Start of RECORDS TO USE

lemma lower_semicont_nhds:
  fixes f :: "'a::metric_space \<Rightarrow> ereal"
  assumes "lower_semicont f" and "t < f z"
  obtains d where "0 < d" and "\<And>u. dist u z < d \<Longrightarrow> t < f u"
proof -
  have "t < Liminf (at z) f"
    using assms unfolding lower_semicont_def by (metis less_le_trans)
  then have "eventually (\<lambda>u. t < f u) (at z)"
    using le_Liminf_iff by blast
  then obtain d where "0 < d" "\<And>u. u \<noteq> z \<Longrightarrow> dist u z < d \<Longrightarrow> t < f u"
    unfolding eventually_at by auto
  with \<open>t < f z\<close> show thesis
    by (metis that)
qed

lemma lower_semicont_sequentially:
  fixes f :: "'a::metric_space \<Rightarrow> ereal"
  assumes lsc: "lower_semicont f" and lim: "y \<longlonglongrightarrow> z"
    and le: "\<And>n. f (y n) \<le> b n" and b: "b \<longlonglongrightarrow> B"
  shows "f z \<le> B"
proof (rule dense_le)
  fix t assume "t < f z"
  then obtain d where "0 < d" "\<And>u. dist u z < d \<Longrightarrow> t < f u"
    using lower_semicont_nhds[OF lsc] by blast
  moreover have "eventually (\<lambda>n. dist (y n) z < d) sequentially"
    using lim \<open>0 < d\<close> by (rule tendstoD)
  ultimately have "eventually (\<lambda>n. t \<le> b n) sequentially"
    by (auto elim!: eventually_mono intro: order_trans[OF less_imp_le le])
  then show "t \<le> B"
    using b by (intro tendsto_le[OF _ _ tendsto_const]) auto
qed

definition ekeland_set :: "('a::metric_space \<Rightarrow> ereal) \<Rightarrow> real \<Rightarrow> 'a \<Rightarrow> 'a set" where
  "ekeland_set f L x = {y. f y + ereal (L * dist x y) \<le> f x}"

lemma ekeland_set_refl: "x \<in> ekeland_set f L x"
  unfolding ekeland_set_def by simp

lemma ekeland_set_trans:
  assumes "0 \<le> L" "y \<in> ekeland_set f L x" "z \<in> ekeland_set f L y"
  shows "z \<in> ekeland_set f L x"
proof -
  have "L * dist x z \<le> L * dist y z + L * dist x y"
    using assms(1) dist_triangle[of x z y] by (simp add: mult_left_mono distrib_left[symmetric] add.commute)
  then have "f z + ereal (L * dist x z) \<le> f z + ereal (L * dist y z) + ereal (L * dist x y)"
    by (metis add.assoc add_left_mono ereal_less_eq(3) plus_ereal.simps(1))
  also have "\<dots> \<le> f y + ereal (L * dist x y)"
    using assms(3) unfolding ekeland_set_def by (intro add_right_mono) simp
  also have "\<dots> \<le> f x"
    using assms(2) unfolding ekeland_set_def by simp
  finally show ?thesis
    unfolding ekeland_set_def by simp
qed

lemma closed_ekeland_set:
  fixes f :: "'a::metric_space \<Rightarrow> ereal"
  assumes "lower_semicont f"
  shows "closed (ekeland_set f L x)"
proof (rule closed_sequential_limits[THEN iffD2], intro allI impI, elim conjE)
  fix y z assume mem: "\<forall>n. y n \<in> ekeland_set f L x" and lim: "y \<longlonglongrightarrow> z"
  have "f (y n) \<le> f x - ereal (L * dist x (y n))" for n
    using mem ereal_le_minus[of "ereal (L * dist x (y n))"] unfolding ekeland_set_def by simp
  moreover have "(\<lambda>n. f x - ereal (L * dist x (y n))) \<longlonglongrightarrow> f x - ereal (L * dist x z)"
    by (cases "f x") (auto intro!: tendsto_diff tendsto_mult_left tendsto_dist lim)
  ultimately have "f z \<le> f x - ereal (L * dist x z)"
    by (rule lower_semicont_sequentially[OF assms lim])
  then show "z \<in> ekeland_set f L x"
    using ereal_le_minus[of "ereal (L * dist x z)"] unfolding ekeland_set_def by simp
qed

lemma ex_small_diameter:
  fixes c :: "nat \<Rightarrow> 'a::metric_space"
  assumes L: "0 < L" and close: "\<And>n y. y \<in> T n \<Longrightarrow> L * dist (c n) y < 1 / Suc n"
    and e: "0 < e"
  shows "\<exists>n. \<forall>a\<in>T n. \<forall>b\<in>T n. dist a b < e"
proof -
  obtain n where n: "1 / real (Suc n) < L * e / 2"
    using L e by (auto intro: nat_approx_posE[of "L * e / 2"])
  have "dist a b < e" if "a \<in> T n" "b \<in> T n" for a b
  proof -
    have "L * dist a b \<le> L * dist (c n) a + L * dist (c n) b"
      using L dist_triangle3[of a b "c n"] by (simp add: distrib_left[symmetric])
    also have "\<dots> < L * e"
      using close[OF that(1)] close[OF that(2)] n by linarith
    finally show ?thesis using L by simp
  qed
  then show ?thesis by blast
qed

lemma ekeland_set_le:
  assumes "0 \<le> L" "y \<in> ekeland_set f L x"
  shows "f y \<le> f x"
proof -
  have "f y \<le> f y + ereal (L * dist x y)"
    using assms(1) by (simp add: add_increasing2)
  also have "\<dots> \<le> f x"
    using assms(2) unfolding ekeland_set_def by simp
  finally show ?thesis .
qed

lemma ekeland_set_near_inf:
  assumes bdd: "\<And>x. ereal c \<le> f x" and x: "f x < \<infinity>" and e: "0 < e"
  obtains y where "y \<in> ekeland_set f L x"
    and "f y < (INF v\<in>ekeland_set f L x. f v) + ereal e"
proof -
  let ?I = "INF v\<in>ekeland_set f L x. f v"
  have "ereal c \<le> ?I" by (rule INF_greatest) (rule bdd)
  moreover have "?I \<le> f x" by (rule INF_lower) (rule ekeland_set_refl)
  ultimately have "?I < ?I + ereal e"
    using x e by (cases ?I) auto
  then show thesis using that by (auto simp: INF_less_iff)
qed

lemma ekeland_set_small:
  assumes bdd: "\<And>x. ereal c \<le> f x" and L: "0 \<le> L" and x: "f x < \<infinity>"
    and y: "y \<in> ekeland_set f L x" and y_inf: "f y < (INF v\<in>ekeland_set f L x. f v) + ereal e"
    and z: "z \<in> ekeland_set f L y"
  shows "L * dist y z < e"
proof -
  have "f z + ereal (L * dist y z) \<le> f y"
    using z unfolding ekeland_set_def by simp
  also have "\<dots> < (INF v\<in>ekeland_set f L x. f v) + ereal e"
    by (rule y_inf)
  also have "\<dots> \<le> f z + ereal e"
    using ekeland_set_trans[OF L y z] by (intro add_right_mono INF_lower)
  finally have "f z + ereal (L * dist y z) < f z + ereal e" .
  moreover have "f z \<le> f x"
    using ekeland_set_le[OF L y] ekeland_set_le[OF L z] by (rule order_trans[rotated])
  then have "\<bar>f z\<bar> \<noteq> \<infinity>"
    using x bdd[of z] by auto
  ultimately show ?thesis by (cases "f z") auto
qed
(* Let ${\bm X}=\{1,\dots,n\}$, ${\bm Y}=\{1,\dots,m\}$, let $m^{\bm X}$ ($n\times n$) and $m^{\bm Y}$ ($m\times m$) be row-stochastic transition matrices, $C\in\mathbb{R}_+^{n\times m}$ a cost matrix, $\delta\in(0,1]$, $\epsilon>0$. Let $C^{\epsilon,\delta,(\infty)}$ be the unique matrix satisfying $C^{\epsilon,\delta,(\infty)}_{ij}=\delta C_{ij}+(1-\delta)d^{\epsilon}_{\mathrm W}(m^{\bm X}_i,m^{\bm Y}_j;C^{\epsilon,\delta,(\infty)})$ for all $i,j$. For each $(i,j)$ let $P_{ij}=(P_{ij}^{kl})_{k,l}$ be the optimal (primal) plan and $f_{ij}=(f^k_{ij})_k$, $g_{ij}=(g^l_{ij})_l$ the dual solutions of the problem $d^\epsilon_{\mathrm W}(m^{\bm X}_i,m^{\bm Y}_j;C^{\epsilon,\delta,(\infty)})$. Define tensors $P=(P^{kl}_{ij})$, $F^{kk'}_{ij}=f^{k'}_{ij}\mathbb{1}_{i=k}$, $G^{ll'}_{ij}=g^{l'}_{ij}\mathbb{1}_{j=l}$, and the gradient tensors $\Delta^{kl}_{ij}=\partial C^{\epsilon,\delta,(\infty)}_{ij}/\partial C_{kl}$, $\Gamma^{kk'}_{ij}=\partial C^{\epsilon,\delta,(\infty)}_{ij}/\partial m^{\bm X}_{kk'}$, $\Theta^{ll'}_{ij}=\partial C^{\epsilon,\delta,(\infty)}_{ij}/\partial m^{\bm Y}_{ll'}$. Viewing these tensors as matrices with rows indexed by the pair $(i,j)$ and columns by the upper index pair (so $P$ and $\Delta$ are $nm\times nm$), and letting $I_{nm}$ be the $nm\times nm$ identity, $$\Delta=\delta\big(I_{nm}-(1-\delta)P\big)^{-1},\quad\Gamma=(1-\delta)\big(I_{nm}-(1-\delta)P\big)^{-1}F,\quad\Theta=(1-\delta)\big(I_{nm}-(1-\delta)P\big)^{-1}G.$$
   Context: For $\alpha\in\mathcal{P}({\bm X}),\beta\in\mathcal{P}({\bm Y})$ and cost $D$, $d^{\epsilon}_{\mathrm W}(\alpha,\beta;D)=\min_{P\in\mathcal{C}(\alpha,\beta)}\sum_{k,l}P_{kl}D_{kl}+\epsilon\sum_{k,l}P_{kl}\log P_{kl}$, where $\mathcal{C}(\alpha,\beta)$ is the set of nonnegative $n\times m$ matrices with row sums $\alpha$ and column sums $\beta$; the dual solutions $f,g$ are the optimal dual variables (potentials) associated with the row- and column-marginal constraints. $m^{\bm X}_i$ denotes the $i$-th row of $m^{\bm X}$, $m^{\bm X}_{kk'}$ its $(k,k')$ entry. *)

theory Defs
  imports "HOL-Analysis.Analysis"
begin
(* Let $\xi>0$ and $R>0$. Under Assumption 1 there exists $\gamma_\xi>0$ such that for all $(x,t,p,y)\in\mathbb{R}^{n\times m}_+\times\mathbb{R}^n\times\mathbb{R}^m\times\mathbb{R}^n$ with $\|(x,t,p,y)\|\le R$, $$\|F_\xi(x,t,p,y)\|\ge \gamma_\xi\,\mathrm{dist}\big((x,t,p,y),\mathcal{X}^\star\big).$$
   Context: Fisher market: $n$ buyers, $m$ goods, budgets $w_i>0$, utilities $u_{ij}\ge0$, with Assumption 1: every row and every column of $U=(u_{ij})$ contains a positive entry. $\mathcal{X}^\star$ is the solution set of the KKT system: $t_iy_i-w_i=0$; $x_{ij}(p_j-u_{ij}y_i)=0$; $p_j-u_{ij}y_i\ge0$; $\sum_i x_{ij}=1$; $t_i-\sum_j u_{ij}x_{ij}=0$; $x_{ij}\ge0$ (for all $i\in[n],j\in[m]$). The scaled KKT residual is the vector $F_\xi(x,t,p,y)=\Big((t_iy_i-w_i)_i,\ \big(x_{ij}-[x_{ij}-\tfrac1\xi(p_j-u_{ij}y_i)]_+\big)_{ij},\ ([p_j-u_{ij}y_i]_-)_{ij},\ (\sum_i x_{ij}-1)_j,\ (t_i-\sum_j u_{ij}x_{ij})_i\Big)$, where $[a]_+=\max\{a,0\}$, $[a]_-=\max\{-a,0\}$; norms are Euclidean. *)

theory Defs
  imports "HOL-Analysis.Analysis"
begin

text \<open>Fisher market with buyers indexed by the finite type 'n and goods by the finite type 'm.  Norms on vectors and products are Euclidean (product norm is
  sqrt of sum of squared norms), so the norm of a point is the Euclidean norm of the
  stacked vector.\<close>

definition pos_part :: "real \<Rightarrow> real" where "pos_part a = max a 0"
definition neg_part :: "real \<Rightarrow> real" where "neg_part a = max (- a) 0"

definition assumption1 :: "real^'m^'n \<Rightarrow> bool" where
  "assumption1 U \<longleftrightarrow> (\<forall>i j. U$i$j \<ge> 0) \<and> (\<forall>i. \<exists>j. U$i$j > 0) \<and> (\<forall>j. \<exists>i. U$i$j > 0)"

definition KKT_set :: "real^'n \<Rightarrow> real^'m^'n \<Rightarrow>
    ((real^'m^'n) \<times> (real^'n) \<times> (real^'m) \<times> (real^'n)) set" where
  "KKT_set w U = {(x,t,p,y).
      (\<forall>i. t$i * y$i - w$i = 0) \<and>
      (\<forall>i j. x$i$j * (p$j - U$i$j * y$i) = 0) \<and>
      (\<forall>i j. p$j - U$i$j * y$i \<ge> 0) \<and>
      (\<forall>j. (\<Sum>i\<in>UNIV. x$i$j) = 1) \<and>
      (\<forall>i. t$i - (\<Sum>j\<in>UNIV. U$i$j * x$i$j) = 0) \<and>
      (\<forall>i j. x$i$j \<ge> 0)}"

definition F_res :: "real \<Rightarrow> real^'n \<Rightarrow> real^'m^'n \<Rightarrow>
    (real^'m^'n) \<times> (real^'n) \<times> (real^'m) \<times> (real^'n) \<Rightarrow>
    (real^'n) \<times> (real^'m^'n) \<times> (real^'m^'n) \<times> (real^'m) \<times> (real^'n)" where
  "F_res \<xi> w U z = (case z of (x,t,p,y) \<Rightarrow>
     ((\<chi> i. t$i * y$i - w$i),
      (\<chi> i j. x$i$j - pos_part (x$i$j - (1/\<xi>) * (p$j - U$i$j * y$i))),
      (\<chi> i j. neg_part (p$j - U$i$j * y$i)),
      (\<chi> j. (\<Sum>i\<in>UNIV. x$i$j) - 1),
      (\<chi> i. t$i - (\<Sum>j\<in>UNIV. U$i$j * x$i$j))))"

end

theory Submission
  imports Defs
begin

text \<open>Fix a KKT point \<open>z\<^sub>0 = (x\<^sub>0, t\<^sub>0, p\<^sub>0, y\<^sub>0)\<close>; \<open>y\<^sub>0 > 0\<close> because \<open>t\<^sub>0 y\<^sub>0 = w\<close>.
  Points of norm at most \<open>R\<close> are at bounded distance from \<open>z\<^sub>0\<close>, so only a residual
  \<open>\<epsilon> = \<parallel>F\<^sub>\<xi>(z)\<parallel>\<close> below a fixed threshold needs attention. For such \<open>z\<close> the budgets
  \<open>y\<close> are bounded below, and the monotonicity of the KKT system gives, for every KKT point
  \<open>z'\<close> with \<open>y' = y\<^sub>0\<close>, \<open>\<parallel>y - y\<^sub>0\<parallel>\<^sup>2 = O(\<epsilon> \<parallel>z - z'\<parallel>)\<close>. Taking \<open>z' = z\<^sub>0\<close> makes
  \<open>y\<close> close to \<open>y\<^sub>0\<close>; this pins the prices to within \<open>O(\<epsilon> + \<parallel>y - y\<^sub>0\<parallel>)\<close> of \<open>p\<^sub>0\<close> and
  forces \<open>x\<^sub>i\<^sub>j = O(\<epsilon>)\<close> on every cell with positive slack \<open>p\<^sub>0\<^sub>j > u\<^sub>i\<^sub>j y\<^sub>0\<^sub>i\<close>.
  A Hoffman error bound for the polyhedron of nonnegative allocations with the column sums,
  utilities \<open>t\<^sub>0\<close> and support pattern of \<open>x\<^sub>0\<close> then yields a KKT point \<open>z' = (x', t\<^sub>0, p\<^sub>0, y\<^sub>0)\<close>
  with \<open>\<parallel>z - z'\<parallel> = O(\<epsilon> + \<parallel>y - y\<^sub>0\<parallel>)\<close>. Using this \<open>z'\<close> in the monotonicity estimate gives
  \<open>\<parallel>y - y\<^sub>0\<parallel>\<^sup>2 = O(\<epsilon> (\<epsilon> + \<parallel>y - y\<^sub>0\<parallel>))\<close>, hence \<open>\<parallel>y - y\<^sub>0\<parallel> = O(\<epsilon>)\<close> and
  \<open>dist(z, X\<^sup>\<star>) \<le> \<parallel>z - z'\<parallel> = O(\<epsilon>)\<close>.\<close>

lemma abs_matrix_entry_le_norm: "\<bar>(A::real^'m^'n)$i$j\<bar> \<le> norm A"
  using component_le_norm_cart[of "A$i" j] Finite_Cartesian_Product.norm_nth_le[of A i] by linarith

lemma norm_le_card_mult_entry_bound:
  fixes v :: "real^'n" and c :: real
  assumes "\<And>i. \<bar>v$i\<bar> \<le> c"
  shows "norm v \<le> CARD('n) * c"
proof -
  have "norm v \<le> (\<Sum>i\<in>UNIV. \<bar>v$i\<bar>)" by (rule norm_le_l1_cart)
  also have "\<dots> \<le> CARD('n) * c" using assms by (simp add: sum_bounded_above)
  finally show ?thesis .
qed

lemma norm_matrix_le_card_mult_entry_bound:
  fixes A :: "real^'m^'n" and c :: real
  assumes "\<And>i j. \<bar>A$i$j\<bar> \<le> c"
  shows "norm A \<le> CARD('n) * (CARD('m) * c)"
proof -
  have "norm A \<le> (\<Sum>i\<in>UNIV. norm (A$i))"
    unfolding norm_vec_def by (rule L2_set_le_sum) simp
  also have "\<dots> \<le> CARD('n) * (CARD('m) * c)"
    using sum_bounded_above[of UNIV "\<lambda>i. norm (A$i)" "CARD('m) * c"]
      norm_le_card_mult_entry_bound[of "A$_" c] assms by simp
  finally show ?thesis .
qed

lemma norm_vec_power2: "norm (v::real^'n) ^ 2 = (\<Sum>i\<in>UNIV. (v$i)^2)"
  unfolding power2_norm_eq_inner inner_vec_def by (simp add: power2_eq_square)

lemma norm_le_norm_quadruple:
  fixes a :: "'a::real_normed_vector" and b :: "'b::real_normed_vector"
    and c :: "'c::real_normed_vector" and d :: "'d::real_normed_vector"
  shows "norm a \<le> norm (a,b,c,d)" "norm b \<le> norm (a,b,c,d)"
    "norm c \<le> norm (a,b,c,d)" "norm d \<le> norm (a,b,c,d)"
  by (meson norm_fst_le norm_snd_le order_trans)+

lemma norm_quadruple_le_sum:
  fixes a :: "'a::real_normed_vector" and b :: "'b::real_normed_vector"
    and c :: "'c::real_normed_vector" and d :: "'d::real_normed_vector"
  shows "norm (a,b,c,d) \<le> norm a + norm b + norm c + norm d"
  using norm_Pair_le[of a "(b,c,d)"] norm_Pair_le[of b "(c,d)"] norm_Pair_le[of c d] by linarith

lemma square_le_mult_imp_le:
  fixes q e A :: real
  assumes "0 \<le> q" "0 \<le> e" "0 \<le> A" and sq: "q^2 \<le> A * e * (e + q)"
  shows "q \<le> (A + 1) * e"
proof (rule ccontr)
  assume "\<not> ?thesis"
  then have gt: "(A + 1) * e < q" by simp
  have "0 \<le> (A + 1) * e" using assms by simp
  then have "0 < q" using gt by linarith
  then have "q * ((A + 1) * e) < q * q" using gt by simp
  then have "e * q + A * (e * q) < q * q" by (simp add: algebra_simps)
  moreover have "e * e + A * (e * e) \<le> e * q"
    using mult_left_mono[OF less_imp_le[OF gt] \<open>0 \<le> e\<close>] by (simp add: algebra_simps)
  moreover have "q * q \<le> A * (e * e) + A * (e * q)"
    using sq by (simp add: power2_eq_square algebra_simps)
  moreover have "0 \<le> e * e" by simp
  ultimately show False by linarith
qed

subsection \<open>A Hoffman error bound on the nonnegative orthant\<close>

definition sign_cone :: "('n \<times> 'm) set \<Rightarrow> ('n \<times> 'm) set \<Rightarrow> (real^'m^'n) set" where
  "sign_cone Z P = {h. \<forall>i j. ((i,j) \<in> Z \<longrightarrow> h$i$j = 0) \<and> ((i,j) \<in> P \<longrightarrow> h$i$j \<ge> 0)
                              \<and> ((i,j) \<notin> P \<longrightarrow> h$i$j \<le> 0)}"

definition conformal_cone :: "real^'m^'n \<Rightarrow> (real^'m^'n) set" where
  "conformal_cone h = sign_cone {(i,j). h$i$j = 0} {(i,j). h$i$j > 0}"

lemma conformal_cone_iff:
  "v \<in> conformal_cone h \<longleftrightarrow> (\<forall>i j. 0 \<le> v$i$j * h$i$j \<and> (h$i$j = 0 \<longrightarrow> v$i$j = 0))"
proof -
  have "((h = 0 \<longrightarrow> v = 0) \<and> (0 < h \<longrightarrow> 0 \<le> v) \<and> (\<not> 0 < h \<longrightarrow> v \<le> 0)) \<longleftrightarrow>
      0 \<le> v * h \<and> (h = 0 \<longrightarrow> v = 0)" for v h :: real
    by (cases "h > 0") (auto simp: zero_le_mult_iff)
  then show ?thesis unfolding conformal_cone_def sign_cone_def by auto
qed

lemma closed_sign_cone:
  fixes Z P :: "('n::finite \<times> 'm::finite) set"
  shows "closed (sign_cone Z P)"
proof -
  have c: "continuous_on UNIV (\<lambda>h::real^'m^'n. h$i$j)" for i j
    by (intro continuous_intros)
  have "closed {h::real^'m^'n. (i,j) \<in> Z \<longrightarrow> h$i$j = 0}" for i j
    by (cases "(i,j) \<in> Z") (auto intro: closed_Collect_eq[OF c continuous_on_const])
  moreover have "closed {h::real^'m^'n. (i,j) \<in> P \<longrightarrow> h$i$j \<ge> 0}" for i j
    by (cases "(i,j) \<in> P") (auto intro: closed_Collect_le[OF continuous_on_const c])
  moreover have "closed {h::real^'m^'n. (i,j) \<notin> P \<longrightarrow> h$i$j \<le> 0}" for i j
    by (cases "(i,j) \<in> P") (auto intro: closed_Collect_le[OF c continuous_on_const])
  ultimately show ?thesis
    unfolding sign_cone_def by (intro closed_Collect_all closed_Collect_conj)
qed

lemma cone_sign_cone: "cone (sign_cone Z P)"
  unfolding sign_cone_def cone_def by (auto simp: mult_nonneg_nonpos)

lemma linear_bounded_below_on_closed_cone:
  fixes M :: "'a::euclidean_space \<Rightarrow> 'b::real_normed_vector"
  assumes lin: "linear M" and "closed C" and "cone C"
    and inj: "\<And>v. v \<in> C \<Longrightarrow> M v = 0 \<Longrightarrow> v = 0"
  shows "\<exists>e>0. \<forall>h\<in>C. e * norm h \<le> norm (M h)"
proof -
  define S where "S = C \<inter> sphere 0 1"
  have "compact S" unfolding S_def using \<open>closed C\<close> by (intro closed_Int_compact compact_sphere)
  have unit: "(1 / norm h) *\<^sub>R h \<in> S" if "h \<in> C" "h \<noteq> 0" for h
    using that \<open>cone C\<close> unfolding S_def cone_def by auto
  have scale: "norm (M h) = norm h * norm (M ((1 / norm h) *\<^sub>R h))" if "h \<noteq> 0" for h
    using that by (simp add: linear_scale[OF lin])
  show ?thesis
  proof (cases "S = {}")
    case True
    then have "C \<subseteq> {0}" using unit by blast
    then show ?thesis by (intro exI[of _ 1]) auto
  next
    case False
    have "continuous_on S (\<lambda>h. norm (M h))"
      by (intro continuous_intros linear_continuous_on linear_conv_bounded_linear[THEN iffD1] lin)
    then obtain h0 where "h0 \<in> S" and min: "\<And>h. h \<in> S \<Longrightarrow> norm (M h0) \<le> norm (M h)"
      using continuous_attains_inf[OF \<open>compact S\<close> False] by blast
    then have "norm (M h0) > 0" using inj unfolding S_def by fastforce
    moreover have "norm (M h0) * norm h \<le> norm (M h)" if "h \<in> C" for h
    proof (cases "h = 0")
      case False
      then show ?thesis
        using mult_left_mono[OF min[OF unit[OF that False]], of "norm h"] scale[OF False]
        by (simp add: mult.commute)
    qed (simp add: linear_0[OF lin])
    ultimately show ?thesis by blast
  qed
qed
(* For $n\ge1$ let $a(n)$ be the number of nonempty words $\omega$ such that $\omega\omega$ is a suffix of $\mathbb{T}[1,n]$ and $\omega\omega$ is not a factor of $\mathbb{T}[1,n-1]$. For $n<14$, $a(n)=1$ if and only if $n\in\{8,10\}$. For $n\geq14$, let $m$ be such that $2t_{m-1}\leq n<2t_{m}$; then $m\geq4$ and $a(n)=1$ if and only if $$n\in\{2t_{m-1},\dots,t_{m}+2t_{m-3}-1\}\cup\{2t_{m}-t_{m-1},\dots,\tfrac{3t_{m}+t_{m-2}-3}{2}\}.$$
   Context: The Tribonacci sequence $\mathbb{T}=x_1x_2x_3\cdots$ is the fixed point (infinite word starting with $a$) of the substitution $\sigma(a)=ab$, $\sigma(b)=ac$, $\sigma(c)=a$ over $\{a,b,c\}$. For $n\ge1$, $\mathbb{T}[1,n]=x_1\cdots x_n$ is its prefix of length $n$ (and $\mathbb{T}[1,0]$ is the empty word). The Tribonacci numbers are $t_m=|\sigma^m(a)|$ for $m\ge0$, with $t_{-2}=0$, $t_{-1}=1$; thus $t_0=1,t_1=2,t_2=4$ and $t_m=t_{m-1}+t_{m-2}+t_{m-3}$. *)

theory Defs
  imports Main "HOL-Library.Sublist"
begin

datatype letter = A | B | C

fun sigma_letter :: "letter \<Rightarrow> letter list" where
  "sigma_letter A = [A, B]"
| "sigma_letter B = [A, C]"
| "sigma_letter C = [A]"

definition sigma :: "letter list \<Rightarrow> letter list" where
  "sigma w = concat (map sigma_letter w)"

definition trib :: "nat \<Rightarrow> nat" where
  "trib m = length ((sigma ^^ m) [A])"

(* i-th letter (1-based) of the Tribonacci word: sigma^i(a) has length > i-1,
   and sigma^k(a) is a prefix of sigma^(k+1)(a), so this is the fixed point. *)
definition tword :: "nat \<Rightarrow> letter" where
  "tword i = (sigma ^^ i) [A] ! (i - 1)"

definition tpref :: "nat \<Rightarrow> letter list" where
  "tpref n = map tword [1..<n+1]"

End of RECORDS TO USE

§ TASK ITEM
Through the line that contains "using assms unfolding", copy the material above exactly, beginning at its first line and including nothing more.

§ PROBLEM SOLUTION
lemma lower_semicont_nhds:
  fixes f :: "'a::metric_space \<Rightarrow> ereal"
  assumes "lower_semicont f" and "t < f z"
  obtains d where "0 < d" and "\<And>u. dist u z < d \<Longrightarrow> t < f u"
proof -
  have "t < Liminf (at z) f"
    using assms unfolding lower_semicont_def by (metis less_le_trans)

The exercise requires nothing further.